VANCOUVER WOULD BE COOLER IF #189: We Put A Big Fir Tree In Every Roundabout

by Claudia Chan | I recently came across this animated gif in my FB news feed. It’s a reconstructed image of what a Vancouver street could have looked like in 1914 and what it potentially could look like in the future. Pretty cool. It wasn’t uncommon for large trees to loom over city streets at the turn of the century when our city was still in its infancy. If city planners had just left them there, we would practically be living in an old growth forest by now.

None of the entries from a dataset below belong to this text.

lemma sum_square_prod_index:
  fixes p :: "'m::finite \<Rightarrow> real" and q :: "'n::finite \<Rightarrow> real"
  shows "(\<Sum>r\<in>UNIV. (p (fst r) * q (snd r))^2) = (\<Sum>i\<in>UNIV. (p i)^2) * (\<Sum>j\<in>UNIV. (q j)^2)"
  by (simp add: sum_product sum.cartesian_product power_mult_distrib case_prod_beta
      flip: UNIV_Times_UNIV)

lemma prod_qform_mem_W1i:
  fixes B :: "('m::finite, 'n::finite) bimat"
  assumes "(\<Sum>i\<in>UNIV. (p i)^2) = 1" and "(\<Sum>j\<in>UNIV. (q j)^2) = 1"
  shows "prod_qform B p q \<in> W1i B"
proof -
  define y :: "complex ^ ('m \<times> 'n)" where "y = (\<chi> r. of_real (p (fst r) * q (snd r)))"
  have "norm y = 1"
    unfolding norm_vec_def L2_set_def y_def using sum_square_prod_index[of p q] assms
    by (simp add: power_mult_distrib norm_mult)
  moreover have "(\<Sum>r\<in>UNIV. \<Sum>s\<in>UNIV. cnj (y $ r) *
        (\<chi> r s. cmat B $ r $ s + \<i> * cmat (ptrans B) $ r $ s) $ r $ s * y $ s)
      = prod_form B (\<lambda>i. of_real (p i)) (\<lambda>j. of_real (q j))
        + \<i> * prod_form (ptrans B) (\<lambda>i. of_real (p i)) (\<lambda>j. of_real (q j))"
    unfolding prod_form_def y_def cmat_def
    by (simp add: sum.distrib sum_distrib_left algebra_simps)
  moreover have "\<dots> = of_real (prod_qform B p q) * (1 + \<i>)"
    by (simp add: prod_form_of_real prod_qform_ptrans algebra_simps)
  ultimately show ?thesis unfolding W1i_def numrange_def by (auto intro!: exI[of _ y])
qed

lemma prod_qform_scale:
  "prod_qform X (\<lambda>i. a * p i) (\<lambda>j. b * q j) = (a * b)^2 * prod_qform X p q"
  unfolding prod_qform_def
  by (simp add: sum_distrib_left algebra_simps power2_eq_square)

lemma prod_qform_W1i_bounds:
  fixes B :: "('m::finite, 'n::finite) bimat" and p :: "'m \<Rightarrow> real" and q :: "'n \<Rightarrow> real"
  defines "n \<equiv> (\<Sum>i\<in>UNIV. (p i)^2) * (\<Sum>j\<in>UNIV. (q j)^2)"
  shows "W1i_min B * n \<le> prod_qform B p q \<and> prod_qform B p q \<le> W1i_max B * n"
proof (cases "n = 0")
  case True
  then have "p = (\<lambda>i. 0) \<or> q = (\<lambda>j. 0)"
    unfolding n_def by (auto simp: sum_nonneg_eq_0_iff fun_eq_iff)
  then have "prod_qform B p q = 0" by (auto simp: prod_qform_def)
  with True show ?thesis by simp
next
  case False
  define a where "a = 1 / sqrt (\<Sum>i\<in>UNIV. (p i)^2)"
  define b where "b = 1 / sqrt (\<Sum>j\<in>UNIV. (q j)^2)"
  have sums_nonneg: "(\<Sum>i\<in>UNIV. (p i)^2) \<ge> 0" "(\<Sum>j\<in>UNIV. (q j)^2) \<ge> 0"
    by (simp_all add: sum_nonneg)
  with False have "(\<Sum>i\<in>UNIV. (a * p i)^2) = 1" "(\<Sum>j\<in>UNIV. (b * q j)^2) = 1"
    by (simp_all add: a_def b_def n_def power_mult_distrib power_divide flip: sum_divide_distrib)
  then have "(a * b)^2 * prod_qform B p q \<in> W1i B"
    using prod_qform_mem_W1i prod_qform_scale by metis
  moreover have "(a * b)^2 = 1 / n"
    using sums_nonneg by (simp add: a_def b_def n_def power_mult_distrib power_divide)
  ultimately have "prod_qform B p q / n \<in> W1i B" by simp
  then have "W1i_min B \<le> prod_qform B p q / n \<and> prod_qform B p q / n \<le> W1i_max B"
    using bounded_W1i[of B] unfolding W1i_min_def W1i_max_def
    by (auto intro: cInf_lower cSup_upper bounded_imp_bdd_below bounded_imp_bdd_above)
  moreover have "n > 0" using False sums_nonneg unfolding n_def by simp
  ultimately show ?thesis by (simp add: field_simps)
qed

lemma prod_vals_W1i_bounds:
  fixes X B :: "('m::finite, 'n::finite) bimat"
  assumes "X \<in> symsym"
    and XB: "X = (1/4) *\<^sub>R (B + transpose B + ptrans B + ptrans (transpose B))"
    and "c \<in> prod_vals X"
  shows "W1i_min B \<le> c \<and> c \<le> W1i_max B"
proof -
  obtain v :: "complex ^ 'm" and w :: "complex ^ 'n" where "norm v = 1" "norm w = 1"
    and c: "c = prod_qform B (\<lambda>i. Re (v $ i)) (\<lambda>j. Re (w $ j))
      + prod_qform B (\<lambda>i. Re (v $ i)) (\<lambda>j. Im (w $ j))
      + prod_qform B (\<lambda>i. Im (v $ i)) (\<lambda>j. Re (w $ j))
      + prod_qform B (\<lambda>i. Im (v $ i)) (\<lambda>j. Im (w $ j))"
    using assms(3) unfolding prod_vals_eq[OF assms(1)] prod_qform_symmetrize[OF XB] by blast
  let ?aR = "\<Sum>i\<in>UNIV. (Re (v $ i))^2" and ?aI = "\<Sum>i\<in>UNIV. (Im (v $ i))^2"
  let ?bR = "\<Sum>j\<in>UNIV. (Re (w $ j))^2" and ?bI = "\<Sum>j\<in>UNIV. (Im (w $ j))^2"
  have weights: "m * (?aR * ?bR) + m * (?aR * ?bI) + m * (?aI * ?bR) + m * (?aI * ?bI) = m" for m
  proof -
    have "?aR + ?aI = 1" "?bR + ?bI = 1"
      using \<open>norm v = 1\<close> \<open>norm w = 1\<close> norm_square_Re_Im[of v] norm_square_Re_Im[of w] by simp_all
    then have "m * ((?aR + ?aI) * (?bR + ?bI)) = m" by simp
    then show ?thesis by (simp add: algebra_simps)
  qed
  show ?thesis
    using c weights[of "W1i_min B"] weights[of "W1i_max B"]
      prod_qform_W1i_bounds[of B "\<lambda>i. Re (v $ i)" "\<lambda>j. Re (w $ j)"]
      prod_qform_W1i_bounds[of B "\<lambda>i. Re (v $ i)" "\<lambda>j. Im (w $ j)"]
      prod_qform_W1i_bounds[of B "\<lambda>i. Im (v $ i)" "\<lambda>j. Re (w $ j)"]
      prod_qform_W1i_bounds[of B "\<lambda>i. Im (v $ i)" "\<lambda>j. Im (w $ j)"]
    by linarith
qed

theorem corollary5p2:
  fixes X B :: "('m::finite, 'n::finite) bimat"
  assumes "X \<in> symsym"
    and "X = (1/4) *\<^sub>R (B + transpose B + ptrans B + ptrans (transpose B))"
  shows "mu_min_C X \<ge> W1i_min B \<and> mu_max_C X \<le> W1i_max B"
proof -
  obtain v :: "complex ^ 'm" where "norm v = 1" using vector_choose_size[of 1] by auto
  moreover obtain w :: "complex ^ 'n" where "norm w = 1" using vector_choose_size[of 1] by auto
  ultimately have "prod_vals X \<noteq> {}" unfolding prod_vals_eq[OF assms(1)] by blast
  then show ?thesis
    using prod_vals_W1i_bounds[OF assms] unfolding mu_min_C_def mu_max_C_def
    by (auto intro: cInf_greatest cSup_least)
qed

end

As part of their exhibition at the Vancouver Art Gallery this past May, the designers of Goodweather Collective put forth this “retroprojective” proposal where giant trees would sit in the middle of neighbourhood roundabouts. By borrowing this idea from the past, they were re-imagining how we could marry urban and forest spaces together. I could just imagine the little kids just loving it – spending hours running around the roundabout tree. They would have the best of both worlds – the city and the forest in their own front yard.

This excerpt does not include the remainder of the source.